The alternative is to delete the thread.  I do that sometimes.


----------



## Loob

Thank you, panj, for your response. As you know I have enormous respect for your point of view - on pretty much everything!

But we need to remember how it feels to be a junior member of WRF: not knowing which forum to post in, not knowing all the rules about context, not knowing about being over-helpful with other junior members...

And. at minimum, needing to know where wrongly posted posts have gone

Loob


----------



## Flaminius

If you want to find the whereabouts of posts made by yourself, you can always resort to "Find all posts by UserName" item in under your UserName in your posts.


----------



## jonquiliser

Hmm, I've never had this problem. In fact, many times I might not even notice that a post of mine has been moved, because I simply use the control panel that will shuffle me right to the place of my post!


----------



## badgrammar

Yes, now here's some excellent advice from Jonquiliser, and it's something I did not really learn how to use properly until around my 1500th post:  All hail *The User Control Panel*!  It is fantastic.  

Here's how it works:  Click on the User Control Panel on the left of the menu bar.  It takes you to a list of all of the threads you are subscribed to (even if they've been moved), and they are in bold if there are any new replies.  Click on a thread and there you have it!

I have gotten into the habit of logging on to that page every time I check in, it is the most efficient way to keep track of everything.  And you can disable all those (to me) pesky thread updates that fill up your email box, because if there has been a reply, it is highlighted there.  And if there has been no reply, you'll still find it there!

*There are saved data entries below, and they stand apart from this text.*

(* Let $C\subseteq\mathbb{F}_q^n$ be a constant weight linear code. Let $C'$ be a subcode of $C$ and $c\in C$ a codeword. Then $c\in C'$ if and only if $\mathrm{Supp}(c)\subseteq\mathrm{Supp}(C')$.
   Context: A subcode is a linear subspace. For a subcode $D$, $\mathrm{Supp}(D)=\{x\in\{1,\dots,n\}: \exists d\in D,\ d_x\neq0\}$, and $\mathrm{Supp}(c)$ is the support of the subcode spanned by $c$. A constant weight code is a linear code all of whose non-zero codewords have the same number of non-zero coordinates. *)

theory Defs
  imports "HOL-Analysis.Analysis"
begin

text \<open>Vectors of F_q^n are modelled as 'a ^ 'n with 'a a finite field and
  'n a finite index type (n = CARD('n)).\<close>

definition is_subcode :: "('a::field ^ 'n) set \<Rightarrow> bool" where
  "is_subcode D \<longleftrightarrow> 0 \<in> D \<and> (\<forall>x\<in>D. \<forall>y\<in>D. x + y \<in> D) \<and> (\<forall>t. \<forall>x\<in>D. t *s x \<in> D)"

definition code_supp :: "('a::zero ^ 'n) set \<Rightarrow> 'n set" where
  "code_supp D = {i. \<exists>d\<in>D. d $ i \<noteq> 0}"

definition span_one :: "'a::field ^ 'n \<Rightarrow> ('a ^ 'n) set" where
  "span_one c = {t *s c | t. True}"

definition vec_supp :: "'a::field ^ 'n \<Rightarrow> 'n set" where
  "vec_supp c = code_supp (span_one c)"

definition hweight :: "'a::zero ^ 'n \<Rightarrow> nat" where
  "hweight c = card {i. c $ i \<noteq> 0}"

definition constant_weight :: "('a::zero ^ 'n) set \<Rightarrow> bool" where
  "constant_weight C \<longleftrightarrow> (\<exists>w. \<forall>c\<in>C. c \<noteq> 0 \<longrightarrow> hweight c = w)"

end

theory Submission
  imports Defs
begin

text \<open>Suppose \<open>c \<notin> C'\<close> although every coordinate where \<open>c\<close> is nonzero lies in \<open>Supp(C')\<close>.
  On each coordinate of \<open>Supp(C')\<close> the coordinate map \<open>C' \<rightarrow> F\<^sub>q\<close> is onto, so a translation of
  \<open>C'\<close> moves the value of \<open>c\<close> there; hence the coset \<open>C' + c\<close> and \<open>C'\<close> have the same total
  weight. All \<open>|C'|\<close> words of the coset are nonzero codewords of \<open>C\<close>, whereas \<open>C'\<close> has only
  \<open>|C'| - 1\<close> of them, so the common weight \<open>w\<close> satisfies \<open>|C'| w = (|C'| - 1) w\<close>. Thus \<open>w = 0\<close>,
  forcing \<open>c = 0 \<in> C'\<close>.\<close>

lemma is_subcode_iff_subspace: "is_subcode D \<longleftrightarrow> vec.subspace D"
  by (simp add: is_subcode_def vec.subspace_def)

lemma vec_supp_eq: "vec_supp c = {i. c $ i \<noteq> 0}"
proof -
  have "c = 1 *s c" by simp
  then show ?thesis
    unfolding vec_supp_def code_supp_def span_one_def by force
qed

lemma hweight_eq_sum: "hweight x = (\<Sum>i\<in>UNIV. of_bool (x $ i \<noteq> 0))"
  by (simp add: hweight_def sum_of_bool_eq)

lemma hweight_eq_0_iff: "hweight x = 0 \<longleftrightarrow> x = 0"
  by (simp add: hweight_def vec_eq_iff)

lemma sum_subspace_translate:
  fixes D :: "('a::field ^ 'n) set"
  assumes "vec.subspace D" and "e \<in> D"
  shows "(\<Sum>x\<in>D. g (x + e)) = (\<Sum>x\<in>D. g x)"
proof -
  have "(+) e ` D = D"
  proof
    show "(+) e ` D \<subseteq> D" using assms by (auto intro: vec.subspace_add)
    show "D \<subseteq> (+) e ` D"
    proof
      fix y assume "y \<in> D"
      then have "y - e \<in> D" using assms by (simp add: vec.subspace_diff)
      then show "y \<in> (+) e ` D" by (rule rev_image_eqI) simp
    qed
  qed
  then have "bij_betw (\<lambda>x. x + e) D D"
    by (simp add: add.commute[of _ e])
  then show ?thesis
    by (rule sum.reindex_bij_betw)
qed

lemma subspace_coordinate_surj:
  fixes D :: "('a::field ^ 'n) set"
  assumes "vec.subspace D" and "i \<in> code_supp D"
  shows "(\<lambda>x. x $ i) ` D = UNIV"
proof -
  obtain d where d: "d \<in> D" "d $ i \<noteq> 0"
    using assms(2) unfolding code_supp_def by blast
  have "s \<in> (\<lambda>x. x $ i) ` D" for s
  proof (rule rev_image_eqI)
    show "(s / d $ i) *s d \<in> D" using assms(1) d(1) by (rule vec.subspace_scale)
    show "s = ((s / d $ i) *s d) $ i" using d(2) by simp
  qed
  then show ?thesis by blast
qed

lemma sum_subspace_translate_coordinate:
  fixes D :: "('a::field ^ 'n) set"
  assumes "vec.subspace D" and "i \<in> code_supp D \<or> c $ i = 0"
  shows "(\<Sum>x\<in>D. g ((x + c) $ i)) = (\<Sum>x\<in>D. g (x $ i))"
proof -
  obtain e where e: "e \<in> D" "e $ i = c $ i"
  proof (cases "i \<in> code_supp D")
    case True
    then have "c $ i \<in> (\<lambda>x. x $ i) ` D"
      using subspace_coordinate_surj[OF assms(1)] by blast
    then show ?thesis using that by (metis imageE)
  next
    case False
    then show ?thesis using that[of 0] assms by (simp add: vec.subspace_0)
  qed
  have "(\<Sum>x\<in>D. g ((x + c) $ i)) = (\<Sum>x\<in>D. g ((x + e) $ i))"
    using e(2) by simp
  also have "\<dots> = (\<Sum>x\<in>D. g (x $ i))"
    using assms(1) e(1) by (rule sum_subspace_translate)
  finally show ?thesis .
qed

lemma sum_hweight_translate:
  fixes D :: "('a::field ^ 'n) set"
  assumes "vec.subspace D" and "vec_supp c \<subseteq> code_supp D"
  shows "(\<Sum>x\<in>D. hweight (x + c)) = (\<Sum>x\<in>D. hweight x)"
proof -
  have coord: "i \<in> code_supp D \<or> c $ i = 0" for i
    using assms(2) by (auto simp: vec_supp_eq)
  have "(\<Sum>x\<in>D. hweight (x + c)) = (\<Sum>i\<in>UNIV. \<Sum>x\<in>D. of_bool ((x + c) $ i \<noteq> 0))"
    by (simp add: hweight_eq_sum sum.swap[of _ D])
  also have "\<dots> = (\<Sum>i\<in>UNIV. \<Sum>x\<in>D. of_bool (x $ i \<noteq> 0))"
    using sum_subspace_translate_coordinate[OF assms(1) coord, where g = "\<lambda>a. of_bool (a \<noteq> 0) :: nat"]
    by simp
  also have "\<dots> = (\<Sum>x\<in>D. hweight x)"
    unfolding hweight_eq_sum by (rule sum.swap)
  finally show ?thesis .
qed

lemma sum_hweight_subspace_constant:
  fixes D :: "('a::field ^ 'n) set"
  assumes "vec.subspace D" and "finite D" and "\<And>x. x \<in> D \<Longrightarrow> x \<noteq> 0 \<Longrightarrow> hweight x = w"
  shows "(\<Sum>x\<in>D. hweight x) = (card D - 1) * w"
proof -
  have "0 \<in> D" using assms(1) by (rule vec.subspace_0)
  then have "(\<Sum>x\<in>D. hweight x) = hweight (0 :: 'a ^ 'n) + (\<Sum>x\<in>D - {0}. hweight x)"
    by (rule sum.remove[OF assms(2)])
  also have "\<dots> = (\<Sum>x\<in>D - {0}. w)"
    using assms(3) by (simp add: hweight_eq_0_iff)
  also have "\<dots> = (card D - 1) * w"
    using \<open>0 \<in> D\<close> assms(2) by simp
  finally show ?thesis .
qed

lemma sum_hweight_coset_constant:
  fixes D :: "('a::field ^ 'n) set"
  assumes "vec.subspace D" and "c \<notin> D" and "\<And>x. x \<in> D \<Longrightarrow> x + c \<noteq> 0 \<Longrightarrow> hweight (x + c) = w"
  shows "(\<Sum>x\<in>D. hweight (x + c)) = card D * w"
proof -
  have "x + c \<noteq> 0" if "x \<in> D" for x
  proof
    assume "x + c = 0"
    then have "c = - x" by (simp add: eq_neg_iff_add_eq_0 add.commute)
    then show False using assms(1,2) that by (simp add: vec.subspace_neg)
  qed
  then show ?thesis using assms(3) by simp
qed

theorem lemma2:
  fixes C C' :: "('a::{field,finite} ^ 'n) set" and c :: "'a ^ 'n"
  assumes "is_subcode C" and "constant_weight C"
    and "is_subcode C'" and "C' \<subseteq> C"
    and "c \<in> C"
  shows "c \<in> C' \<longleftrightarrow> vec_supp c \<subseteq> code_supp C'"
proof
  assume "c \<in> C'"
  then show "vec_supp c \<subseteq> code_supp C'"
    by (auto simp: vec_supp_eq code_supp_def)
next
  assume supp: "vec_supp c \<subseteq> code_supp C'"
  have C: "vec.subspace C" and C': "vec.subspace C'"
    using assms(1,3) by (simp_all add: is_subcode_iff_subspace)
  obtain w where w: "\<And>x. x \<in> C \<Longrightarrow> x \<noteq> 0 \<Longrightarrow> hweight x = w"
    using assms(2) unfolding constant_weight_def by blast
  show "c \<in> C'"
  proof (rule ccontr)
    assume "c \<notin> C'"
    have coset_in_C: "x + c \<in> C" if "x \<in> C'" for x
      using C assms(4,5) that by (auto intro: vec.subspace_add)
    have "card C' * w = (\<Sum>x\<in>C'. hweight (x + c))"
      using sum_hweight_coset_constant[OF C' \<open>c \<notin> C'\<close>] w coset_in_C by metis
    also have "\<dots> = (\<Sum>x\<in>C'. hweight x)"
      using C' supp by (rule sum_hweight_translate)
    also have "\<dots> = (card C' - 1) * w"
      using sum_hweight_subspace_constant[OF C' finite] w assms(4) by blast
    finally have "card C' * w = (card C' - 1) * w" .
    moreover have "card C' > 0"
      using vec.subspace_0[OF C'] by (auto simp: card_gt_0_iff)
    ultimately have "w = 0"
      by (cases "card C'") simp_all
    then have "c = 0"
      using w[OF assms(5)] by (auto simp: hweight_eq_0_iff)
    then show False
      using \<open>c \<notin> C'\<close> vec.subspace_0[OF C'] by simp
  qed
qed

end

Hope that helps, it really took me a long time to figure out why it is so useful, but now I rely on it!


----------



## Outsider

I'm lost. Usually, when a thread is moved a "trace" of it remains in the forum where it was originally posted, doesn't it? You can find the new location by clicking on the title of the thread at the old location.


----------



## Jana337

Outsider said:


> I'm lost. Usually, when a thread is moved a "trace" of it remains in the forum where it was originally posted, doesn't it? You can find the new location by clicking on the title of the thread at the old location.


There are three options:
- permanent trace,
- expiring trace,
- no trace.

Personally, I use expiring redirects. They help people find straying threads and do not pollute the forum forever.


----------



## jonquiliser

Yes, badgrammar, the CP is superfantastically brilliant - I'd be completely lost without it!


----------



## Etcetera

The CP is the nicest way to track your threads. I definitely prefer it to e-mails.


----------



## TrentinaNE

Outsider said:


> I'm lost. Usually, when a thread is moved a "trace" of it remains in the forum where it was originally posted, doesn't it? You can find the new location by clicking on the title of the thread at the old location.


This function is available when entire threads are moved. Sometimes individual posts from within a thread are split off (usually because they veered off the original topic but are worth discussing on their own). No "redirect" is possible in this case.

Elisabetta


----------